Saved data entries:
lemma N_1_1_double: "N 1 1 (2 * c) (2 * n) = N 1 1 c n"
  unfolding N_eq_card_reps
proof (rule card_eq_by_inverses[where f = "\<lambda>(x, y, z). ((x + y) div 2, (x - y) div 2, z)"
                                   and g = "\<lambda>(a, b, z). (a + b, a - b, z)"], goal_cases)
  case (1 w)
  then obtain x y z where w: "w = (x, y, z)" and n: "2 * n = x^2 + y^2 + 2 * c * z^2"
    by (auto simp: reps_def)
  then have "x^2 + y^2 = 2 * (n - c * z^2)"
    by simp
  then have "even (x + y)"
    by (metis dvd_triv_left even_add even_power zero_less_numeral)
  then obtain s where s: "x + y = 2 * s" ..
  then have y: "y = 2 * s - x"
    by simp
  have "x - y = 2 * (x - s)" "2 * n = 2 * (s^2 + (x - s)^2 + c * z^2)"
    unfolding n y by (simp_all add: power2_eq_square algebra_simps)
  with s show ?case
    using w y by (simp add: reps_def)
next
  case (2 w)
  then obtain a b z where w: "w = (a, b, z)" and "n = a^2 + b^2 + c * z^2"
    by (auto simp: reps_def)
  then have "2 * n = (a + b)^2 + (a - b)^2 + 2 * c * z^2"
    by (simp add: power2_eq_square algebra_simps)
  then show ?case
    using w by (simp add: reps_def)
qed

• _EXERCISE DIRECTIONS_: Begin with the line containing "proof (rule card_eq_by_inverses[where" and retype it and each line after it through the end of the records, keeping them exact and including nothing more.

• _SOLUTION TO THIS TASK_:
proof (rule card_eq_by_inverses[where f = "\<lambda>(x, y, z). ((x + y) div 2, (x - y) div 2, z)"
                                   and g = "\<lambda>(a, b, z). (a + b, a - b, z)"], goal_cases)
  case (1 w)
  then obtain x y z where w: "w = (x, y, z)" and n: "2 * n = x^2 + y^2 + 2 * c * z^2"
    by (auto simp: reps_def)
  then have "x^2 + y^2 = 2 * (n - c * z^2)"
    by simp
  then have "even (x + y)"
    by (metis dvd_triv_left even_add even_power zero_less_numeral)
  then obtain s where s: "x + y = 2 * s" ..
  then have y: "y = 2 * s - x"
    by simp
  have "x - y = 2 * (x - s)" "2 * n = 2 * (s^2 + (x - s)^2 + c * z^2)"
    unfolding n y by (simp_all add: power2_eq_square algebra_simps)
  with s show ?case
    using w y by (simp add: reps_def)
next
  case (2 w)
  then obtain a b z where w: "w = (a, b, z)" and "n = a^2 + b^2 + c * z^2"
    by (auto simp: reps_def)
  then have "2 * n = (a + b)^2 + (a - b)^2 + 2 * c * z^2"
    by (simp add: power2_eq_square algebra_simps)
  then show ?case
    using w by (simp add: reps_def)
qed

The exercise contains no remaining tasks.